# Any other websites I can post my stories on?



## Minsc9 (Sep 17, 2013)

No, no, I'm not leaving FurAffinity, but I'd like to get my work out there more, get it seen by a larger audience, y'know? It's rather niche stuff so getting any kind of audience is a really tough feat.

I currently only post my work here on FA, and on y! Gallery (Though I can only post some of my work on there), and I'd just like to know if any of you guys know any other sites out there that would welcome my works?

I'd prefer the site to be reasonably popular, with a good amount of traffic, and obviously one that accepts niche, adult fiction. Also, the majority of my work doesn't focus on anthros, so sites like SoFurry are alas out of my reach.

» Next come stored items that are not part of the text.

definition C1_fun :: "('a::euclidean_space \<Rightarrow> real) \<Rightarrow> bool" where
  "C1_fun \<phi> \<longleftrightarrow> (\<exists>\<phi>'. (\<forall>x. (\<phi> has_derivative blinfun_apply (\<phi>' x)) (at x))
                       \<and> continuous_on UNIV \<phi>')"

text \<open>C^1 boundary: near every boundary point p, after choosing a unit direction nu
  (a rotated coordinate system), G is the region above the graph of a C^1 function
  defined on the hyperplane orthogonal to nu.\<close>
definition C1_boundary :: "'a::euclidean_space set \<Rightarrow> bool" where
  "C1_boundary G \<longleftrightarrow>
     (\<forall>p\<in>frontier G. \<exists>r \<nu> \<phi>. r > 0 \<and> norm \<nu> = 1 \<and> C1_fun \<phi> \<and>
        G \<inter> ball p r = {x \<in> ball p r. x \<bullet> \<nu> > \<phi> (x - (x \<bullet> \<nu>) *\<^sub>R \<nu>)})"

definition interior_sphere_condition :: "'a::euclidean_space set \<Rightarrow> bool" where
  "interior_sphere_condition G \<longleftrightarrow>
     (\<forall>p\<in>frontier G. \<exists>c r. r > 0 \<and> ball c r \<subseteq> G \<and> p \<in> sphere c r)"

end

theory Submission
  imports Defs
begin

(* Write G \<oplus> B_\<delta> for {x + y | x \<in> G, |y| < \<delta>}, i.e. the set of points at
   distance < \<delta> from some point of G.
   (a) Every point of G has distance \<ge> \<delta> from the complement of \<Omega>: a segment from a point
       of G to a closer point outside \<Omega> would cross \<partial>G = \<Gamma>_\<delta>.  Hence G \<oplus> B_\<delta> \<subseteq> \<Omega>.
   (b) No point x of \<Omega> has distance exactly \<delta> from G: the nearest point g of closure G to
       x lies on \<partial>G; both x and the nearest point z of the complement of \<Omega> to g are at
       distance \<delta> from g and at distance \<ge> \<delta> from the interior ball touching \<partial>G at g,
       and such a point is unique (tangency), so x = z, which is impossible.
   (c) By connectedness of \<Omega>, (b) forces dist(x, G) < \<delta> on all of \<Omega>, so \<Omega> = G \<oplus> B_\<delta>.
   (ii) A reflection is an isometry, and it does not increase the distance between a point
       beyond the hyperplane and a point on its near side; so reflecting G \<oplus> B_\<delta> stays
       inside G \<oplus> B_\<delta> as soon as reflecting the cap of G stays inside G. *)

lemma infdist_lessE:
  assumes "A \<noteq> {}" "infdist x A < d"
  obtains a where "a \<in> A" "dist x a < d"
  using assms by (auto simp: infdist_notempty cINF_less_iff)

lemma mem_sum_ball_iff:
  fixes G :: "'a::real_normed_vector set"
  shows "q \<in> {x + y | x y. x \<in> G \<and> y \<in> ball 0 \<delta>} \<longleftrightarrow> (\<exists>g\<in>G. dist q g < \<delta>)"
proof
  assume "q \<in> {x + y | x y. x \<in> G \<and> y \<in> ball 0 \<delta>}"
  then obtain g y where "q = g + y" "g \<in> G" "norm y < \<delta>" by auto
  then show "\<exists>g\<in>G. dist q g < \<delta>" by (intro bexI[of _ g]) (auto simp: dist_norm)
next
  assume "\<exists>g\<in>G. dist q g < \<delta>"
  then obtain g where "g \<in> G" "dist q g < \<delta>" by blast
  then have "q = g + (q - g) \<and> g \<in> G \<and> q - g \<in> ball 0 \<delta>"
    by (simp add: dist_norm norm_minus_commute)
  then show "q \<in> {x + y | x y. x \<in> G \<and> y \<in> ball 0 \<delta>}" by blast
qed

(* A point of an open set is never a nearest point of that set to another point:
   moving slightly towards x stays in G and gets strictly closer. *)
lemma open_no_nearest_point:
  fixes x g :: "'a::real_normed_vector"
  assumes "open G" "g \<in> G" "x \<noteq> g"
  obtains p where "p \<in> G" "dist x p < dist x g"
proof -
  obtain e where e: "e > 0" "ball g e \<subseteq> G" using assms open_contains_ball by blast
  define a where "a = dist x g"
  have a: "a > 0" using assms(3) by (simp add: a_def)
  define t where "t = min (1/2) (e / (2 * a))"
  have t: "0 < t" "t < 1" "t * a < e" using e a by (auto simp: t_def min_def field_simps)
  define p where "p = g + t *\<^sub>R (x - g)"
  have "dist g p = t * a" using t by (simp add: p_def a_def dist_norm norm_minus_commute)
  then have "p \<in> G" using e t by auto
  have "x - p = (1 - t) *\<^sub>R (x - g)" by (simp add: p_def algebra_simps)
  then have "dist x p = (1 - t) * a" using t by (simp add: dist_norm a_def)
  also have "\<dots> < a" using t a by simp
  finally show ?thesis using \<open>p \<in> G\<close> that by (simp add: a_def)
qed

I look forward to hearing any and all advice, thanks in advance ^^


----------



## Falaffel (Sep 17, 2013)

Sofurry, furfag (is that still alive?), and a couple others I'm forgetting.


----------



## Minsc9 (Sep 17, 2013)

I did mention that I unfortunately can't post my works on SoFurry, since my furry works are in the minority. Also, the other site you mentioned didn't turn up in a google search so it's likely not around anymore ^^

To clarify, I write short stories, and mainly just smut fics, so I try to steer away from proper, serious literature website, hence why I currently submit stuff on FA and y!.


----------



## Taralack (Sep 17, 2013)

fanfiction.net? ao3?


----------



## Minsc9 (Sep 17, 2013)

While much of my work could be considered fanfiction (And I'd need to post on adultfanfiction anyway), a lot of it is original works. But I'll certainly look into it, thank you ^^

My works that could be considered fanfiction are somewhat borderline in my view anyway. I use the universe and the races within, but I don't use any of the existing storylines or existing characters, so it doesn't seem to fit into normal fanfiction quite as well.


----------



## BRN (Sep 17, 2013)

It's difficult - from what I can tell, here's the circumstances;

your writing does not particularly focus on anthros; (SoFurry's out)
it's largely of an adult nature; (Adult sites only!)
it's a mix of fanfiction, fan-tribute, and original works;

but you want to keep it all in one place?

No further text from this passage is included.